Here’s an example of the policies I use in my personal projects, or for the non-shared part (the workspace, index, and local repository) of a collaborative project. “Revision Frequency” is how often I typically make changes to each data store, when I’m developing it full-time.
Policies implement the intent of the salmon run. By placing un-restrictive policies to the left, I can checkpoint my work frequently. By placing restrictive policies on the right, I can maintain the stability of releases. And by incrementing the restrictiveness of these policies in small steps, I reduce the backlog of code that is “trapped” towards the left. Compare this to a centralized VCS, in which (since there’s no local repository), developers may keep changes out of VCS for hours or days (since the alternative is making a central branch, which is expensive to create and expensive to tear down). Or compare to a DVCS system without an index, where the overhead of either making and tearing down branches, or of pruning temporary commits, can discourage a developer from making a checkpoint every minute or two. (At least they discourage me, even though these operations are far less expensive than with centralized VCS.)
And no, I’m not saying to do this instead of branching. I find this system useful as an always-on, lightweight alternative to branching, and then add in branching when the lifting gets heaver. This process, without branches, is as much mechanism as I usually want for small, personal projects such as these. For a collaborative project, I often synch to a feature branch of the main repository. For an experiment that takes more than half a day, and that I therefore want to be able to set aside, I make a local branch.
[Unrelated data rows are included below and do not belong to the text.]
text \<open>A word with exactly gamma n small letters (gamma < 1) has a large letter; changing it to 1
  gives a word with more than gamma n small letters.\<close>
lemma itin_set_ge_subset:
  assumes "\<gamma> < 1" "1 \<le> q" "q \<le> k0" "1 \<le> n"
  shows "itin_set_ge k0 q \<gamma> n \<subseteq>
    itin_set k0 q \<gamma> n \<union> (\<lambda>(w, p, a). w[p := a]) ` (itin_set k0 q \<gamma> n \<times> {..<n} \<times> {1..k0})"
    (is "_ \<subseteq> ?I \<union> ?R")
proof
  fix w assume "w \<in> itin_set_ge k0 q \<gamma> n"
  then have len: "length w = n" and letters: "set w \<subseteq> {1..k0}"
    and ge: "real (card {j. j < n \<and> w ! j \<le> q}) \<ge> \<gamma> * real n"
    by (auto simp: itin_set_ge_def)
  show "w \<in> ?I \<union> ?R"
  proof (cases "real (card {j. j < n \<and> w ! j \<le> q}) > \<gamma> * real n")
    case True
    then show ?thesis using len letters by (auto simp: itin_set_def)
  next
    case False
    then have eq: "real (card {j. j < n \<and> w ! j \<le> q}) = \<gamma> * real n" using ge by linarith
    have "\<gamma> * real n < real n" using assms by simp
    then have "card {j. j < n \<and> w ! j \<le> q} < card {..<n}" using eq by simp
    then have "\<exists>p<n. \<not> w ! p \<le> q"
    proof (rule contrapos_pp)
      assume "\<not> (\<exists>p<n. \<not> w ! p \<le> q)"
      then have "{j. j < n \<and> w ! j \<le> q} = {..<n}" by auto
      then show "\<not> card {j. j < n \<and> w ! j \<le> q} < card {..<n}" by simp
    qed
    then obtain p where p: "p < n" "\<not> w ! p \<le> q" by blast
    define w' where "w' = w[p := 1]"
    have "{j. j < n \<and> w' ! j \<le> q} = insert p {j. j < n \<and> w ! j \<le> q}"
      using p len assms by (auto simp: w'_def nth_list_update)
    moreover have "p \<notin> {j. j < n \<and> w ! j \<le> q}" using p by simp
    ultimately have "card {j. j < n \<and> w' ! j \<le> q} = Suc (card {j. j < n \<and> w ! j \<le> q})"
      by simp
    then have "real (card {j. j < n \<and> w' ! j \<le> q}) > \<gamma> * real n" using eq by simp
    moreover have "set w' \<subseteq> {1..k0}"
      using set_update_subset_insert[of w p 1] letters assms by (auto simp: w'_def)
    moreover have "length w' = n" using len by (simp add: w'_def)
    ultimately have "w' \<in> ?I" by (simp add: itin_set_def)
    moreover have "w ! p \<in> {1..k0}" using letters p len nth_mem by blast
    moreover have "w = w'[p := w ! p]" by (simp add: w'_def)
    ultimately have "w \<in> ?R" using p by (intro image_eqI[where x="(w', p, w ! p)"]) auto
    then show ?thesis by simp
  qed
qed

lemma card_itin_set_ge_le:
  assumes "\<gamma> < 1" "1 \<le> q" "q \<le> k0" "1 \<le> n"
  shows "real (card (itin_set_ge k0 q \<gamma> n)) \<le> (1 + real n * real k0) * real (card (itin_set k0 q \<gamma> n))"
proof -
  let ?I = "itin_set k0 q \<gamma> n"
  let ?R = "(\<lambda>(w, p, a). w[p := a]) ` (?I \<times> {..<n} \<times> {1..k0})"
  have "card (itin_set_ge k0 q \<gamma> n) \<le> card (?I \<union> ?R)"
    using itin_set_ge_subset[OF assms] finite_itin_set by (intro card_mono) auto
  also have "\<dots> \<le> card ?I + card ?R" by (rule card_Un_le)
  also have "card ?R \<le> card (?I \<times> {..<n} \<times> {1..k0})"
    using finite_itin_set by (intro card_image_le) simp
  also have "card (?I \<times> {..<n} \<times> {1..k0}) = card ?I * n * k0"
    by (simp add: card_cartesian_product)
  finally have "card (itin_set_ge k0 q \<gamma> n) \<le> card ?I + card ?I * n * k0" by simp
  then have "real (card (itin_set_ge k0 q \<gamma> n)) \<le> real (card ?I) + real (card ?I) * real n * real k0"
    by (metis of_nat_add of_nat_le_iff of_nat_mult)
  then show ?thesis by (simp add: algebra_simps)
qed
lemma finite_measure_density_integrable:
  assumes "integrable M D" "\<And>x. 0 \<le> D x"
  shows "finite_measure (density M (\<lambda>x. ennreal (D x)))"
proof (rule finite_measureI)
  have "D \<in> borel_measurable M" using assms(1) by blast
  then have "emeasure (density M (\<lambda>x. ennreal (D x))) (space M) = (\<integral>\<^sup>+x. ennreal (D x) \<partial>M)"
    by (simp add: emeasure_density nn_integral_set_ennreal[symmetric])
  also have "\<dots> \<noteq> \<infinity>" using integrableD(2)[OF assms(1)] assms(2) by simp
  finally show "emeasure (density M (\<lambda>x. ennreal (D x))) (space (density M (\<lambda>x. ennreal (D x)))) \<noteq> \<infinity>"
    by simp
qed

lemma (in finite_measure) sigma_finite_subalgebra_of_subalgebra:
  "subalgebra M F \<Longrightarrow> sigma_finite_subalgebra M F"
  by (intro finite_measure_subalgebra_is_sigma_finite)
    (simp add: finite_measure_subalgebra_def finite_measure_subalgebra_axioms_def finite_measure_axioms)

lemma borel_measurable_vimage_algebra_factor:
  fixes Z :: "'b \<Rightarrow> 'c" and W :: "'b \<Rightarrow> real"
  assumes W: "W \<in> borel_measurable (vimage_algebra X Z N)" and Z: "Z \<in> X \<rightarrow> space N"
  obtains \<phi> where "\<phi> \<in> borel_measurable N" "\<And>x. x \<in> X \<Longrightarrow> W x = \<phi> (Z x)"
proof -
  have "\<exists>B. B \<in> sets N \<and> {x\<in>X. W x < q} = Z -` B \<inter> X" for q :: real
  proof -
    have "W -` {..<q} \<inter> space (vimage_algebra X Z N) \<in> sets (vimage_algebra X Z N)"
      by (rule measurable_sets[OF W]) auto
    then show ?thesis by (simp add: sets_vimage_algebra2[OF Z] vimage_def Int_def conj_commute)
  qed
  then obtain B where B: "\<And>q. B q \<in> sets N" "\<And>q. {x\<in>X. W x < q} = Z -` B q \<inter> X" by metis
  define \<phi> where "\<phi> y = real_of_ereal (INF q\<in>\<rat>. if y \<in> B q then ereal q else \<infinity>)" for y
  have "(\<lambda>y. INF q\<in>\<rat>. if y \<in> B q then ereal q else \<infinity>) \<in> borel_measurable N"
    using B(1) by (intro borel_measurable_INF[OF countable_rat] measurable_If_set) auto
  then have "\<phi> \<in> borel_measurable N" unfolding \<phi>_def by (rule borel_measurable_real_of_ereal)
  moreover have "W x = \<phi> (Z x)" if x: "x \<in> X" for x
  proof -
    have mem: "Z x \<in> B q \<longleftrightarrow> W x < q" for q using B(2)[of q] x by blast
    have "(INF q\<in>\<rat>. if Z x \<in> B q then ereal q else \<infinity>) = ereal (W x)"
    proof (rule antisym)
      show "ereal (W x) \<le> (INF q\<in>\<rat>. if Z x \<in> B q then ereal q else \<infinity>)"
        by (rule INF_greatest) (auto simp: mem)
      show "(INF q\<in>\<rat>. if Z x \<in> B q then ereal q else \<infinity>) \<le> ereal (W x)"
      proof (rule dense_ge)
        fix e assume "ereal (W x) < e"
        then obtain r where r: "W x < r" "ereal r < e" using ereal_dense2 by force
        then obtain q where q: "q \<in> \<rat>" "W x < q" "q < r" using Rats_dense_in_real by blast
        have "(INF q\<in>\<rat>. if Z x \<in> B q then ereal q else \<infinity>) \<le> ereal q"
          using INF_lower[OF q(1), of "\<lambda>q. if Z x \<in> B q then ereal q else \<infinity>"] mem q by simp
        also have "\<dots> \<le> e" using q r by (metis ereal_less_eq(3) less_imp_le order.strict_trans1)
        finally show "(INF q\<in>\<rat>. if Z x \<in> B q then ereal q else \<infinity>) \<le> e" .
      qed
    qed
    then show ?thesis by (simp add: \<phi>_def)
  qed
  ultimately show ?thesis using that by blast
qed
And for a shared collaborative experiment, or a feature that calls on only part of the development team, I do both.
More on branches tomorrow.
The reasons for these differences are partly convention, but mostly technical. I can easily make and revert changes in my workspace with my editor (or another tool). Changes to the index and the local repository require some extra work with some command line intervention but can still be rolled back (via
get rebase -i and
git reset) without a trace. Changes to the remote repository are carved in stone (I can only revert them with
git revert, which reverses the reverted change but leaves both it and its reversion in the permanent record). Changes to the distribution require a new version number, an announcement, and, depending on the circumstances, a recall notice and egg on my face.
But why not use branches? Yeah, I’ll get to branches. But the answer is mostly just personal preference.
Since you’re such a careful reader that you even bother to read footnotes, I’ll let you in on a secret. I like to think about abstract stuff, but I’m not much good with abstractions. Instead, I try to keep my concept library well-stocked with metaphors. Then the hard parts become easy again.
git diff tells me what’s different between my working directory and the index, without my having to build up, tear down, or remember any branch names. The working directory and the index are self-cleaning (they don’t collect commits that I have to squash later); this has advantages and disadvantages, but it works for me and for the granularity with which I save to them.